The Utah Jazz Are Too Good to Tank

We came into the season well aware that a handful of teams had no plans to compete for the playoffs, and nobody's intentions were clearer than the Utah Jazz's.

In June, the second-winningest head coach in franchise history, Quin Snyder, basically said "thanks, but no thanks" to the two years remaining on his contract. When Utah subsequently traded four starters (including two All-Stars) for a haul focused on future draft picks, you got the feeling that Snyder knew of the impending rebuild and had decided a year off sounded better than presiding over a 17-win season.

What remains of the strip-mined Jazz roster clearly feels differently. These guys aren't taking a single second off, let alone a full year.

The Rudy Gobert trade returned several rotation-caliber pieces, led by the relentless Jarred Vanderbilt, sharpshooter Malik Beasley and rookie defensive ace Walker Kessler. The deal that sent Donovan Mitchell to the Cleveland Cavaliers returned bucket-hunter extraordinaire Collin Sexton and apparent star Lauri Markkanen.

Those five players, plus Kelly Olynyk, another trade acquisition, have all averaged significant minutes this season, with Vanderbilt, Olynyk and Markkanen joining holdovers Jordan Clarkson and Mike Conley in the starting five. Collectively, they've produced a result no one—not Utah's fans, not the broader NBA community and certainly not even the Jazz themselves—saw coming.

Utah hammered the theoretically contending Denver Nuggets in their opener and then even more shockingly went into Minnesota and bested Gobert's Minnesota Timberwolves in overtime. Everyone's early-season darling New Orleans Pelicans went down next, and the Jazz were suddenly 3-0—an absurd mark for a team that many saw as front-runners in the race to the bottom of the standings.

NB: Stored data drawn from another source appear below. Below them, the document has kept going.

(* Let $N=2^n$ with $n\geq10$, and let $K,\Delta>0$. Let $\tilde h_v=h_v+\Delta$ for $v\in\Lambda_N$. Then, for any realization of the field for which the ground states below are unique, the following two conditions cannot hold simultaneously: (a) $d_{\mathcal C_*^{\Lambda_N}}(\partial\Lambda_{N/4},\partial\Lambda_{N/2})\geq K$; (b) $|\mathcal C_*^{\Lambda_N}\cap\Lambda_{N/4}|\cdot\Delta>\frac{8}{K}|\mathcal C_*^{\Lambda_N}\cap\mathcal A_{N/2}|$.
   Context: Let $\{h_v:v\in\mathbb Z^2\}$ be real numbers (in the paper, i.i.d. centered Gaussians with variance $\epsilon^2$, for which all ground states are unique a.s.). Write $u\sim v$ if $|u-v|_1=1$; $\partial A=\{v\in\mathbb Z^2\setminus A:u\sim v\text{ for some }u\in A\}$; $\Lambda_r=\{v\in\mathbb Z^2:|v|_\infty\le r\}$; $\mathcal A_M=\Lambda_M\setminus\Lambda_{M/2}$, so $\mathcal A_{N/2}=\Lambda_{N/2}\setminus\Lambda_{N/4}$. For a field $g$ on $\Lambda_N$ and $\sigma\in\{-1,1\}^{\Lambda_N}$, $H^{\Lambda_N,\pm}_g(\sigma)=-\big(\sum_{u\sim v,\,u,v\in\Lambda_N}\sigma_u\sigma_v\pm\sum_{u\sim v,\,u\in\Lambda_N,v\in\partial\Lambda_N}\sigma_u+\sum_{u\in\Lambda_N}\sigma_ug_u\big)$, and the ground states $\sigma^{\Lambda_N,\pm}$ (for $g=h$) and $\tilde\sigma^{\Lambda_N,\pm}$ (for $g=\tilde h$) are the minimizers. $\mathcal C^{\Lambda_N}=\{v:\sigma^{\Lambda_N,+}_v=1,\sigma^{\Lambda_N,-}_v=-1\}$, $\tilde{\mathcal C}^{\Lambda_N}=\{v:\tilde\sigma^{\Lambda_N,+}_v=1,\tilde\sigma^{\Lambda_N,-}_v=-1\}$, and $\mathcal C_*^{\Lambda_N}=\mathcal C^{\Lambda_N}\cap\tilde{\mathcal C}^{\Lambda_N}$. $d_A$ is the graph distance on the subgraph induced on $A$, and $d_A(A_1,A_2)=\min_{x\in A_1\cap A,y\in A_2\cap A}d_A(x,y)$ with $\min\emptyset=\infty$. *)

theory Defs
  imports "HOL-Library.Extended_Real"
begin

type_synonym site = "int \<times> int"

definition adj :: "site \<Rightarrow> site \<Rightarrow> bool" where
  "adj u v \<longleftrightarrow> \<bar>fst u - fst v\<bar> + \<bar>snd u - snd v\<bar> = 1"

definition bdry :: "site set \<Rightarrow> site set" where
  "bdry A = {v. v \<notin> A \<and> (\<exists>u\<in>A. adj u v)}"

definition box :: "int \<Rightarrow> site set" where
  "box r = {v. \<bar>fst v\<bar> \<le> r \<and> \<bar>snd v\<bar> \<le> r}"

definition configs :: "site set \<Rightarrow> (site \<Rightarrow> real) set" where
  "configs A = {\<sigma>. (\<forall>v\<in>A. \<sigma> v = 1 \<or> \<sigma> v = -1) \<and> (\<forall>v. v \<notin> A \<longrightarrow> \<sigma> v = 0)}"

text \<open>Hamiltonian with boundary condition s (s = 1 for plus, s = -1 for minus) and field g.
  The nearest-neighbour sum runs over unordered edges {u,v}: the sum over ordered
  pairs is halved.\<close>
definition hamiltonian :: "site set \<Rightarrow> (site \<Rightarrow> real) \<Rightarrow> real \<Rightarrow> (site \<Rightarrow> real) \<Rightarrow> real" where
  "hamiltonian A g s \<sigma> =
     - ( (1/2) * (\<Sum>(u,v)\<in>{(u,v). u \<in> A \<and> v \<in> A \<and> adj u v}. \<sigma> u * \<sigma> v)
       + s * (\<Sum>(u,v)\<in>{(u,v). u \<in> A \<and> v \<in> bdry A \<and> adj u v}. \<sigma> u)
       + (\<Sum>u\<in>A. \<sigma> u * g u))"

definition unique_ground_state :: "site set \<Rightarrow> (site \<Rightarrow> real) \<Rightarrow> real \<Rightarrow> (site \<Rightarrow> real) \<Rightarrow> bool" where
  "unique_ground_state A g s \<sigma> \<longleftrightarrow>
     \<sigma> \<in> configs A \<and>
     (\<forall>\<tau>\<in>configs A. \<tau> \<noteq> \<sigma> \<longrightarrow> hamiltonian A g s \<sigma> < hamiltonian A g s \<tau>)"

definition walk_in :: "site set \<Rightarrow> site \<Rightarrow> site \<Rightarrow> nat \<Rightarrow> bool" where
  "walk_in A x y k \<longleftrightarrow> (\<exists>p::nat \<Rightarrow> site. p 0 = x \<and> p k = y \<and> (\<forall>i\<le>k. p i \<in> A)
        \<and> (\<forall>i<k. adj (p i) (p (Suc i))))"

definition graph_dist :: "site set \<Rightarrow> site \<Rightarrow> site \<Rightarrow> enat" where
  "graph_dist A x y = Inf {enat k | k. walk_in A x y k}"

We can pump the brakes on an 82-0 campaign; Utah fell to the more effectively tanking Houston Rockets and will absolutely sell off its many remaining quality pieces for future assets, perhaps in a hurry if the wins keep coming in larger-than-anticipated quantities. But still, Utah playing sound, respectable ball is a reminder that the best-laid front-office blueprints to tank can run into problems when the players don't go along with the plan. And perhaps the even more intriguing takeaway is the Jazz got so much valuable talent in addition to all the picks they coveted that they could win the Gobert and Mitchell trades a second time.

Maybe Markkanen and Vanderbilt are keepers, and Sexton got a four-year, $71 million contract upon arrival as part of the sign-and-trade agreement. But so many of the other players who came over in Utah's flurry of offseason action could be flipped again. In the end, the most surprising thing of all is that while everyone agreed the Jazz won their blockbuster trades, nobody realized just how extreme those victories were.

The Jazz can't rebound to save their lives, and opponents will eventually stop hitting threes at a clip that roughly equates to Russell Westbrook's career percentage. But these guys are playing hard, forcing loads of turnovers and generally operating as if winning is still the point.